Probably less this year than past years, as I have purchased a majority of the essentials.


----------



## Tinstaafl (Jan 6, 2008)

Never a budget. I buy tools as I need them, and that's pretty much dependent on whether I take on a type of job I haven't done before.

Been at it long enough that I'm pretty well stocked.


----------



## Metro M & L (Jun 3, 2009)

I spent 13k or 14k this last year.

I prefer to look at large tools in terms of repayment period and/or tax deduction. You should read about section 179 if you haven't already.

Generally, I find a profitable tool will pay for itself in one or two jobs. If it doesn't make that kind of revenue I rent it if necessary to do a job. 

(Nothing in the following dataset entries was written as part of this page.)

(* Let $\{X_t\}_{t\ge 0}$ be an irreducible, positive recurrent discrete-time Markov chain on a countable state space $\mathbb{E}$ with transition matrix $P$ and invariant distribution $\boldsymbol{\pi}$, and let $\boldsymbol{g}$ be a real vector on $\mathbb{E}$ with $\boldsymbol{\pi}|\boldsymbol{g}|<\infty$. Partition $\mathbb{E}=A\cup B$ into two disjoint proper non-empty subsets, and partition accordingly $$P=\begin{bmatrix}P_A & P_{AB}\\ P_{BA} & P_B\end{bmatrix},\qquad \boldsymbol{h}=\begin{bmatrix}\boldsymbol{h}_A\\ \boldsymbol{h}_B\end{bmatrix}.$$ Let $N_B=\sum_{n=0}^\infty P_B^n$. Let $T(A)=\inf\{t\ge 1: X_t\in A\}$ and for $i\in\mathbb{E}$ let $y_i(A)={\rm E}[\sum_{0\le t<T(A)} g_{X_t}\mid X_0=i]$ and $\tau_i(A)={\rm E}[T(A)\mid X_0=i]$, with $\boldsymbol{y}_A(A),\boldsymbol{y}_B(A),\boldsymbol{\tau}_A(A),\boldsymbol{\tau}_B(A)$ the restrictions of these vectors to $A$ and $B$. Then the vector $\boldsymbol{h}$ given by $$\boldsymbol{h}_A=\boldsymbol{y}_A(A)-(\boldsymbol{\pi}\boldsymbol{g})\,\boldsymbol{\tau}_A(A)+(P_A+P_{AB}N_BP_{BA})\,\boldsymbol{h}_A$$ and $$\boldsymbol{h}_B=\boldsymbol{y}_B(A)-(\boldsymbol{\pi}\boldsymbol{g})\,\boldsymbol{\tau}_B(A)+N_BP_{BA}\,\boldsymbol{h}_A$$ is a solution of Poisson's equation $(I-P)\boldsymbol{h}=\boldsymbol{g}-\omega\boldsymbol{1}$ with $\omega=\boldsymbol{\pi}\boldsymbol{g}$.
   Context: $\boldsymbol{1}$ denotes the all-ones column vector and $|\boldsymbol{g}|$ the componentwise absolute value of $\boldsymbol{g}$. *)

theory Defs
  imports "HOL-Probability.Probability"
begin

text \<open>Countable state space = the countable type 'a; matrices are functions 'a => 'a => real,
  matrix products are (unconditional) infinite sums.\<close>

fun mpow :: "('a \<Rightarrow> 'a \<Rightarrow> real) \<Rightarrow> nat \<Rightarrow> 'a \<Rightarrow> 'a \<Rightarrow> real" where
  "mpow P 0 = (\<lambda>i j. if i = j then 1 else 0)"
| "mpow P (Suc n) = (\<lambda>i j. \<Sum>\<^sub>\<infinity>k. mpow P n i k * P k j)"

definition stochastic_matrix :: "('a \<Rightarrow> 'a \<Rightarrow> real) \<Rightarrow> bool" where
  "stochastic_matrix P \<longleftrightarrow> (\<forall>i j. 0 \<le> P i j) \<and> (\<forall>i. (P i has_sum 1) UNIV)"

definition irreducible_matrix :: "('a \<Rightarrow> 'a \<Rightarrow> real) \<Rightarrow> bool" where
  "irreducible_matrix P \<longleftrightarrow> (\<forall>i j. \<exists>n. mpow P n i j > 0)"

definition invariant_distribution :: "('a \<Rightarrow> 'a \<Rightarrow> real) \<Rightarrow> ('a \<Rightarrow> real) \<Rightarrow> bool" where
  "invariant_distribution P \<pi> \<longleftrightarrow> (\<forall>j. 0 \<le> \<pi> j) \<and> (\<pi> has_sum 1) UNIV \<and>
     (\<forall>j. (\<Sum>\<^sub>\<infinity>i. \<pi> i * P i j) = \<pi> j)"

text \<open>M i together with X is a realisation of the Markov chain with transition matrix P
  started in state i (so expectations under M i are E[ . | X_0 = i]).\<close>
definition markov_chain_from ::
  "('a \<Rightarrow> 'a \<Rightarrow> real) \<Rightarrow> 'w measure \<Rightarrow> (nat \<Rightarrow> 'w \<Rightarrow> 'a) \<Rightarrow> 'a \<Rightarrow> bool" where
  "markov_chain_from P M X i \<longleftrightarrow> prob_space M \<and>
     (\<forall>t. X t \<in> measurable M (count_space UNIV)) \<and>
     (\<forall>n s. measure M {\<omega> \<in> space M. \<forall>t\<le>n. X t \<omega> = s t} =
            (if s 0 = i then (\<Prod>t<n. P (s t) (s (Suc t))) else 0))"

definition hit_time :: "'a set \<Rightarrow> (nat \<Rightarrow> 'w \<Rightarrow> 'a) \<Rightarrow> 'w \<Rightarrow> nat" where
  "hit_time A X \<omega> = (LEAST t. 1 \<le> t \<and> X t \<omega> \<in> A)"

definition positive_recurrent ::
  "('a \<Rightarrow> 'w measure) \<Rightarrow> (nat \<Rightarrow> 'w \<Rightarrow> 'a) \<Rightarrow> bool" where
  "positive_recurrent M X \<longleftrightarrow> (\<forall>i.
     (AE \<omega> in M i. \<exists>t\<ge>1. X t \<omega> = i) \<and>
     integrable (M i) (\<lambda>\<omega>. real (hit_time {i} X \<omega>)))"

definition y_vec ::
  "('a \<Rightarrow> 'w measure) \<Rightarrow> (nat \<Rightarrow> 'w \<Rightarrow> 'a) \<Rightarrow> ('a \<Rightarrow> real) \<Rightarrow> 'a set \<Rightarrow> 'a \<Rightarrow> real" where
  "y_vec M X g A i = integral\<^sup>L (M i) (\<lambda>\<omega>. \<Sum>t<hit_time A X \<omega>. g (X t \<omega>))"

definition tau_vec ::
  "('a \<Rightarrow> 'w measure) \<Rightarrow> (nat \<Rightarrow> 'w \<Rightarrow> 'a) \<Rightarrow> 'a set \<Rightarrow> 'a \<Rightarrow> real" where
  "tau_vec M X A i = integral\<^sup>L (M i) (\<lambda>\<omega>. real (hit_time A X \<omega>))"

text \<open>Restriction of P to B x B (the block P_B, padded with zeros) and
  N_B = sum_{n>=0} P_B^n (entries for i, j in B).\<close>
definition restr :: "('a \<Rightarrow> 'a \<Rightarrow> real) \<Rightarrow> 'a set \<Rightarrow> 'a \<Rightarrow> 'a \<Rightarrow> real" where
  "restr P B = (\<lambda>i j. if i \<in> B \<and> j \<in> B then P i j else 0)"

definition NB :: "('a \<Rightarrow> 'a \<Rightarrow> real) \<Rightarrow> 'a set \<Rightarrow> 'a \<Rightarrow> 'a \<Rightarrow> real" where
  "NB P B i j = (\<Sum>n. mpow (restr P B) n i j)"

definition NBPBA :: "('a \<Rightarrow> 'a \<Rightarrow> real) \<Rightarrow> 'a set \<Rightarrow> 'a set \<Rightarrow> 'a \<Rightarrow> 'a \<Rightarrow> real" where
  "NBPBA P A B i k = (\<Sum>\<^sub>\<infinity>l\<in>B. NB P B i l * P l k)"

definition QA :: "('a \<Rightarrow> 'a \<Rightarrow> real) \<Rightarrow> 'a set \<Rightarrow> 'a set \<Rightarrow> 'a \<Rightarrow> 'a \<Rightarrow> real" where
  "QA P A B i k = P i k + (\<Sum>\<^sub>\<infinity>j\<in>B. P i j * NBPBA P A B j k)"

end

theory Submission
  imports Defs
begin

text \<open>
  Let \<open>u = y(A) - \<omega> \<tau>(A)\<close> and let \<open>E\<close> be the first-entrance kernel of \<open>A\<close> (entrance at a time
  \<open>\<ge> 1\<close>), whose rows in \<open>A\<close> are \<open>P\<^sub>A + P\<^sub>A\<^sub>B N\<^sub>B P\<^sub>B\<^sub>A\<close> and whose rows in \<open>B\<close> are \<open>N\<^sub>B P\<^sub>B\<^sub>A\<close>.
  The hypotheses say \<open>h i = u i + (\<Sum>k\<in>A. E i k * h k)\<close> for all \<open>i\<close>. Conditioning on the first
  step gives \<open>u i = g i - \<omega> + (\<Sum>j\<in>B. P i j * u j)\<close> and \<open>E i k = P i k + (\<Sum>j\<in>B. P i j * E j k)\<close>;
  inserting the representation of \<open>h\<close> into \<open>\<Sum>j. P i j * h j\<close>, split over \<open>A\<close> and \<open>B\<close>, yields
  \<open>(\<Sum>j. P i j * h j) = h i - (g i - \<omega>)\<close>, for every constant \<open>\<omega>\<close>.

  Everything is expressed through taboo probabilities (stay in \<open>B\<close>, then be at \<open>l\<close>), and the
  rearrangements of the resulting double series are justified by comparison with \<open>\<pi>\<close>: from
  \<open>k \<in> A\<close>, \<open>\<pi> k\<close> times the expected number of visits to \<open>l\<close> before re-entering \<open>A\<close> is at most
  \<open>\<pi> l\<close>. Irreducibility makes \<open>\<pi>\<close> positive and lets every state of \<open>B\<close> be reached from \<open>A\<close>
  before re-entering \<open>A\<close>, which transfers these bounds to all starting states.
\<close>

lemma has_sum_single_nonzero:
  fixes f :: "'b \<Rightarrow> 'c::topological_comm_monoid_add"
  assumes "x \<in> A" "\<And>y. y \<in> A \<Longrightarrow> y \<noteq> x \<Longrightarrow> f y = 0"
  shows "(f has_sum f x) A"
  by (rule has_sum_finite_neutralI[of "{x}"]) (use assms in auto)

lemma has_sum_sum:
  fixes f :: "'t \<Rightarrow> 'b \<Rightarrow> 'c::topological_comm_monoid_add"
  assumes "finite I" "\<And>t. t \<in> I \<Longrightarrow> (f t has_sum s t) A"
  shows "((\<lambda>x. \<Sum>t\<in>I. f t x) has_sum (\<Sum>t\<in>I. s t)) A"
  using assms by (induction I rule: finite_induct) (auto intro: has_sum_add)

When you specialize and have job specific equipment that few other operators possess the return on investment goes way up.


----------



## hdavis (Feb 14, 2012)

Stevarino said:


> Do you set a budget each year for what you plan to spend on new tools and equipment?


Theoretically as tools depreciate, you put aside money in an account for replacing them. OTOH, if something new comes out that will make you more money than it costs, you buy it. I know what I've spent in past years to cover all that.

If you're doing something new to you, you obviously have to buy any additional tools and pay for them out of the new project. If it's an unforseen opportunity, then it isn't planned for to begin with, so it isn't budgeted for.


----------



## pinwheel (Dec 7, 2009)

EricBrancard said:


> No, because the number would scare the sh*t out of me.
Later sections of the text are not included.